Model 534 - 24" frame with the five speed FFS setup. Rides like a dreamboat...


----------



## Schwinn499 (Oct 2, 2018)

Gotta love the burbans!


----------



## bikemonkey (Oct 2, 2018)

Schwinn499 said:


> Gotta love the burbans!View attachment 877459



Lime Green? what year?..Generator bonus!


----------



## Schwinn499 (Oct 2, 2018)

bikemonkey said:


> Lime Green? what year?..Generator bonus!



1974, has the one year only thumb shifter and a 5 speed with a chain guard to boot. Sportlight or Super Sport genny setup was my go to on these.


----------



## GTs58 (Oct 2, 2018)

That is just to dang clean! Is it a repop?


----------



## Tim s (Oct 25, 2018)

Beautiful bikes! Tim


----------



## Sven (Oct 29, 2018)

You guy's Suburbans are sweet....very clean.
I bought  this '79 FFS ,Frosty blue suburban at an estate sell fort $22. I really like the Front Freewheel System. It rides nice





Cleaned and tuned up .


----------



## bikemonkey (Oct 30, 2018)

Sven said:


> You guy's Suburbans are sweet....very clean.
> I bought  this '79 FFS ,Frosty blue suburban at an estate sell fort $22. I really like the Front Freewheel System.

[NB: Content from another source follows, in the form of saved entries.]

(* Let $t>1$ be an integer and $n$ sufficiently large. Among all $K_{t-1,t}$-saturated $n$ by $n$ bipartite graphs with minimum degree less than $t-1$, a graph $G$ has the minimum number of edges if and only if $G\in\mathcal{F}^n_{t-1,t}$ and $G$ has minimum degree $t-2$.
   Context: An $n$ by $n$ bipartite graph $G$ has two color classes $U,U'$ with $|U|=|U'|=n$. For $1\le s\le t$, such a $G$ is called $K_{s,t}$-saturated if $G$ contains no subgraph isomorphic to $K_{s,t}$ (with either side of $K_{s,t}$ lying in either class), but adding any missing edge $uu'$ with $u\in U$, $u'\in U'$ creates a subgraph isomorphic to $K_{s,t}$ (with either orientation). $\mathcal{F}^n_{s,t}$ denotes the family of $K_{s,t}$-free $n$ by $n$ bipartite graphs in which one of the color classes contains a set $S$ of $s-1$ vertices such that every vertex of $S$ is adjacent to all $n$ vertices of the other class, and every vertex of that same class not in $S$ has degree exactly $t-1$. (Each graph in $\mathcal{F}^n_{t-1,t}$ has exactly $(2t-3)n-(t-1)(t-2)$ edges.) *)

theory Defs
  imports Main
begin

text \<open>An n by n bipartite graph: colour classes U = {0..<n} and U' = {0..<n} (two disjoint
copies); an edge u u' with u in U, u' in U' is the pair (u, u').\<close>

definition bigraph :: "nat \<Rightarrow> (nat \<times> nat) set \<Rightarrow> bool" where
  "bigraph n E \<longleftrightarrow> E \<subseteq> {..<n} \<times> {..<n}"

definition degL :: "(nat \<times> nat) set \<Rightarrow> nat \<Rightarrow> nat" where
  "degL E u = card {v. (u, v) \<in> E}"

definition degR :: "(nat \<times> nat) set \<Rightarrow> nat \<Rightarrow> nat" where
  "degR E v = card {u. (u, v) \<in> E}"

definition min_degree :: "nat \<Rightarrow> (nat \<times> nat) set \<Rightarrow> nat" where
  "min_degree n E = Min ((degL E ` {..<n}) \<union> (degR E ` {..<n}))"

definition contains_K :: "nat \<Rightarrow> nat \<Rightarrow> nat \<Rightarrow> (nat \<times> nat) set \<Rightarrow> bool" where
  "contains_K s t n E \<longleftrightarrow> (\<exists>A B. A \<subseteq> {..<n} \<and> B \<subseteq> {..<n} \<and>
      ((card A = s \<and> card B = t) \<or> (card A = t \<and> card B = s)) \<and> A \<times> B \<subseteq> E)"

definition K_saturated :: "nat \<Rightarrow> nat \<Rightarrow> nat \<Rightarrow> (nat \<times> nat) set \<Rightarrow> bool" where
  "K_saturated s t n E \<longleftrightarrow> bigraph n E \<and> \<not> contains_K s t n E \<and>
     (\<forall>u<n. \<forall>v<n. (u, v) \<notin> E \<longrightarrow> contains_K s t n (insert (u, v) E))"

definition family_F :: "nat \<Rightarrow> nat \<Rightarrow> nat \<Rightarrow> (nat \<times> nat) set \<Rightarrow> bool" where
  "family_F s t n E \<longleftrightarrow> bigraph n E \<and> \<not> contains_K s t n E \<and>
     ((\<exists>S. S \<subseteq> {..<n} \<and> card S = s - 1 \<and> (\<forall>u\<in>S. \<forall>v<n. (u, v) \<in> E) \<and>
           (\<forall>u\<in>{..<n} - S. degL E u = t - 1)) \<or>
      (\<exists>S. S \<subseteq> {..<n} \<and> card S = s - 1 \<and> (\<forall>v\<in>S. \<forall>u<n. (u, v) \<in> E) \<and>
           (\<forall>v\<in>{..<n} - S. degR E v = t - 1)))"

end

theory Submission
  imports Defs
begin

text \<open>Write \<open>s = k + 1\<close>, \<open>t = k + 2\<close>, and let \<open>x\<close> be a vertex of degree at most \<open>k\<close>, say in \<open>U'\<close>,
  with neighbourhood \<open>A\<close>. Saturation at a non-edge \<open>ux\<close> forces \<open>|A| = k\<close> and gives \<open>k + 1\<close> common
  neighbours of \<open>A \<union> {u}\<close>. So every vertex of \<open>U - A\<close> has at least \<open>k + 1\<close> neighbours in the common
  neighbourhood \<open>C\<close> of \<open>A\<close>, and every vertex of \<open>U' - C\<close> has degree at least \<open>k\<close>; counting the
  edges in \<open>A \<times> C\<close>, \<open>(U - A) \<times> C\<close> and \<open>U \<times> (U' - C)\<close> gives \<open>|E| \<ge> kn + (k + 1)(n - k)\<close>, the
  size of every graph in \<open>F\<close>. In case of equality each \<open>y \<in> U' - C\<close> has degree \<open>k\<close>, and saturation
  at a non-edge \<open>uy\<close> yields \<open>k + 1\<close> vertices of \<open>C\<close> joined to \<open>A\<close>, to \<open>u\<close> and to a neighbour of \<open>y\<close>
  outside \<open>A\<close>: a \<open>K_{k+2,k+1}\<close>. Hence \<open>C = U'\<close> and the graph lies in \<open>F\<close>. The bound is attained by
  \<open>k\<close> full rows together with \<open>n - k\<close> rows on pairwise distinct \<open>(k + 1)\<close>-sets avoiding one column.\<close>

lemma bigraph_converse [simp]: "bigraph n (E\<inverse>) \<longleftrightarrow> bigraph n E"
  by (auto simp: bigraph_def)

lemma degL_converse [simp]: "degL (E\<inverse>) u = degR E u"
  by (simp add: degL_def degR_def)

lemma degR_converse [simp]: "degR (E\<inverse>) v = degL E v"
  by (simp add: degL_def degR_def)

lemma contains_K_converse [simp]: "contains_K s t n (E\<inverse>) \<longleftrightarrow> contains_K s t n E"
proof -
  have "A \<times> B \<subseteq> E\<inverse> \<longleftrightarrow> B \<times> A \<subseteq> E" for A B by auto
  then show ?thesis
    unfolding contains_K_def by metis
qed

lemma K_saturated_converse [simp]: "K_saturated s t n (E\<inverse>) \<longleftrightarrow> K_saturated s t n E"
proof -
  have "insert (u, v) (E\<inverse>) = (insert (v, u) E)\<inverse>" for u v by auto
  then show ?thesis
    unfolding K_saturated_def by auto
qed

lemma family_F_converse [simp]: "family_F s t n (E\<inverse>) \<longleftrightarrow> family_F s t n E"
  unfolding family_F_def by (simp add: disj_commute)

lemma finite_if_bigraph: "bigraph n E \<Longrightarrow> finite E"
  unfolding bigraph_def by (rule finite_subset) auto

lemma card_Int_Times_eq_sum_rows:
  assumes "finite X" "finite Y"
  shows "card (E \<inter> (X \<times> Y)) = (\<Sum>u\<in>X. card {v\<in>Y. (u, v) \<in> E})"
proof -
  have "E \<inter> (X \<times> Y) = (SIGMA u:X. {v\<in>Y. (u, v) \<in> E})" by auto
  then show ?thesis using assms by simp
qed

lemma card_Int_Times_eq_sum_columns:
  assumes "finite X" "finite Y"
  shows "card (E \<inter> (X \<times> Y)) = (\<Sum>v\<in>Y. card {u\<in>X. (u, v) \<in> E})"
proof -
  have "E \<inter> (X \<times> Y) = (E\<inverse> \<inter> (Y \<times> X))\<inverse>" by auto
  then show ?thesis
    using card_Int_Times_eq_sum_rows[OF assms(2,1), of "E\<inverse>"] by simp
qed

lemma card_eq_sum_degL:
  assumes "bigraph n E"
  shows "card E = (\<Sum>u<n. degL E u)"
proof -
  have "E = E \<inter> ({..<n} \<times> {..<n})" and "{v\<in>{..<n}. (u, v) \<in> E} = {v. (u, v) \<in> E}" for u
    using assms by (auto simp: bigraph_def)
  then show ?thesis
    using card_Int_Times_eq_sum_rows[of "{..<n}" "{..<n}" E] by (simp add: degL_def)
qed

lemma card_eq_sum_degR: "bigraph n E \<Longrightarrow> card E = (\<Sum>v<n. degR E v)"
  using card_eq_sum_degL[of n "E\<inverse>"] by simp

lemma finite_column: "bigraph n E \<Longrightarrow> finite {u. (u, v) \<in> E}"
  unfolding bigraph_def by (rule finite_subset[of _ "{..<n}"]) auto

lemma column_subset: "bigraph n E \<Longrightarrow> {u. (u, v) \<in> E} \<subseteq> {..<n}"
  unfolding bigraph_def by auto

lemma K_saturated_bigraph: "K_saturated s t n E \<Longrightarrow> bigraph n E"
  and K_saturated_K_free: "K_saturated s t n E \<Longrightarrow> \<not> contains_K s t n E"
  by (simp_all add: K_saturated_def)

lemma K_saturated_new_copy:
  assumes sat: "K_saturated s t n E" and "u < n" "v < n" "(u, v) \<notin> E"
  obtains A B where "A \<subseteq> {..<n}" "B \<subseteq> {..<n}"
    "(card A = s \<and> card B = t) \<or> (card A = t \<and> card B = s)"
    "A \<times> B \<subseteq> insert (u, v) E" "u \<in> A" "v \<in> B"
proof -
  have "contains_K s t n (insert (u, v) E)"
    using sat assms(2-4) unfolding K_saturated_def by blast
  then obtain A B where AB: "A \<subseteq> {..<n}" "B \<subseteq> {..<n}"
      "(card A = s \<and> card B = t) \<or> (card A = t \<and> card B = s)" "A \<times> B \<subseteq> insert (u, v) E"
    unfolding contains_K_def by blast
  have "(u, v) \<in> A \<times> B"
  proof (rule ccontr)
    assume "(u, v) \<notin> A \<times> B"
    then have "contains_K s t n E"
      using AB unfolding contains_K_def by blast
    then show False
      using K_saturated_K_free[OF sat] by contradiction
  qed
  then show thesis
    using that AB by blast
qed

text \<open>The copy of \<open>K_{s,t}\<close> created by adding \<open>(u, x)\<close> has its side through \<open>x\<close> inside the
  column of \<open>x\<close> plus \<open>u\<close>, which is too small for the \<open>t\<close>-side.\<close>

lemma K_saturated_low_column:
  assumes sat: "K_saturated s t n E" and "s < t"
    and x: "x < n" and u: "u < n" "(u, x) \<notin> E" and low: "degR E x < s"
  shows "degR E x = s - 1"
    and "\<exists>Q\<subseteq>{..<n}. card Q = t - 1 \<and> insert u {a. (a, x) \<in> E} \<times> Q \<subseteq> E"
proof -
  let ?N = "{a. (a, x) \<in> E}"
  obtain A B where AB: "A \<subseteq> {..<n}" "B \<subseteq> {..<n}"
      "(card A = s \<and> card B = t) \<or> (card A = t \<and> card B = s)"
      "A \<times> B \<subseteq> insert (u, x) E" "u \<in> A" "x \<in> B"
    using K_saturated_new_copy[OF sat u(1) x u(2)] .
  have fin: "finite ?N"
    using finite_column[OF K_saturated_bigraph[OF sat]] .
  have card_N: "card (insert u ?N) = degR E x + 1"
    using fin u(2) by (simp add: degR_def)
  have A_sub: "A \<subseteq> insert u ?N"
    using AB(4,6) by blast
  then have "card A \<le> degR E x + 1"
    using card_mono[OF _ A_sub] fin card_N by simp
  then have cards: "card A = s" "card B = t" and deg: "degR E x = s - 1"
    using AB(3) low \<open>s < t\<close> by auto
  show "degR E x = s - 1" by (fact deg)
  have "A = insert u ?N"
    using A_sub fin card_N cards(1) deg low by (intro card_subset_eq) auto
  moreover have "card (B - {x}) = t - 1"
    using AB(2,6) cards(2) by (simp add: finite_subset)
  ultimately show "\<exists>Q\<subseteq>{..<n}. card Q = t - 1 \<and> insert u ?N \<times> Q \<subseteq> E"
    using AB(2,4) by (intro exI[of _ "B - {x}"]) auto
qed

lemma K_saturated_degR_ge:
  assumes sat: "K_saturated s t n E" and "s < t" "s \<le> n" and v: "v < n"
  shows "s - 1 \<le> degR E v"
proof (rule ccontr)
  assume less: "\<not> s - 1 \<le> degR E v"
  have "degR E v \<noteq> n"
    using less \<open>s \<le> n\<close> by linarith
  then have "{u. (u, v) \<in> E} \<noteq> {..<n}"
    by (metis card_lessThan degR_def)
  moreover have "{u. (u, v) \<in> E} \<subseteq> {..<n}"
    using column_subset[OF K_saturated_bigraph[OF sat]] .
  ultimately obtain u where "u < n" "(u, v) \<notin> E"
    by auto
  then show False
    using K_saturated_low_column(1)[OF sat \<open>s < t\<close> v] less by fastforce
qed

lemma min_degree_attained:
  assumes "0 < n"
  obtains v where "v < n" "min_degree n E = degL E v \<or> min_degree n E = degR E v"
proof -
  have "min_degree n E \<in> degL E ` {..<n} \<union> degR E ` {..<n}"
    unfolding min_degree_def using assms by (intro Min_in) auto
  then show thesis
    using that by blast
qed

lemma K_saturated_min_degree_ge:
  assumes sat: "K_saturated s t n E" and "s < t" "s \<le> n" "0 < n"
  shows "s - 1 \<le> min_degree n E"
proof -
  obtain v where "v < n" "min_degree n E = degL E v \<or> min_degree n E = degR E v"
    using min_degree_attained[OF \<open>0 < n\<close>] .
  then show ?thesis
    using K_saturated_degR_ge[OF sat] K_saturated_degR_ge[of s t n "E\<inverse>"] assms by auto
qed

lemma K_1t_free_degR_less:
  assumes "bigraph n E" "\<not> contains_K 1 t n E" "v < n"
  shows "degR E v < t"
proof (rule ccontr)
  assume "\<not> degR E v < t"
  then obtain T where T: "T \<subseteq> {u. (u, v) \<in> E}" "card T = t"
    by (metis degR_def not_less obtain_subset_with_card_n)
  then have "T \<subseteq> {..<n}" "T \<times> {v} \<subseteq> E"
    using column_subset[OF assms(1)] by blast+
  then have "contains_K 1 t n E"
    using T(2) assms(3) unfolding contains_K_def by (intro exI[of _ T] exI[of _ "{v}"]) auto
  then show False
    using assms(2) by contradiction
qed

locale saturated_low_column =
  fixes k n :: nat and E :: "(nat \<times> nat) set" and x :: nat
  assumes saturated: "K_saturated (k + 1) (k + 2) n E"
    and x: "x < n" and low: "degR E x \<le> k" and large: "2 * k + 3 \<le> n"
begin

definition A :: "nat set" where "A = {a. (a, x) \<in> E}"

definition C :: "nat set" where "C = {v. v < n \<and> A \<times> {v} \<subseteq> E}"

definition D :: "nat set" where "D = {..<n} - C"

lemma bigraph: "bigraph n E" and K_free: "\<not> contains_K (k + 1) (k + 2) n E"
  using K_saturated_bigraph[OF saturated] K_saturated_K_free[OF saturated] .

lemma A_subset: "A \<subseteq> {..<n}" and finite_A: "finite A"
  using column_subset[OF bigraph] finite_column[OF bigraph] by (auto simp: A_def)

It rides niceView attachment 891875
> View attachment 891877
> Cleaned and tuned up .



Nice job - I really like that color of blue...$22? I'm doing it wrong


----------



## one-eyed sailor (Dec 17, 2022)

Yeah, me too.


----------



## one-eyed sailor (Dec 17, 2022)

I paid $30 for this.


----------



## schwinnman67 (Dec 18, 2022)

My first brand new Schwinn was a 1980 Sky Blue Suburban.


----------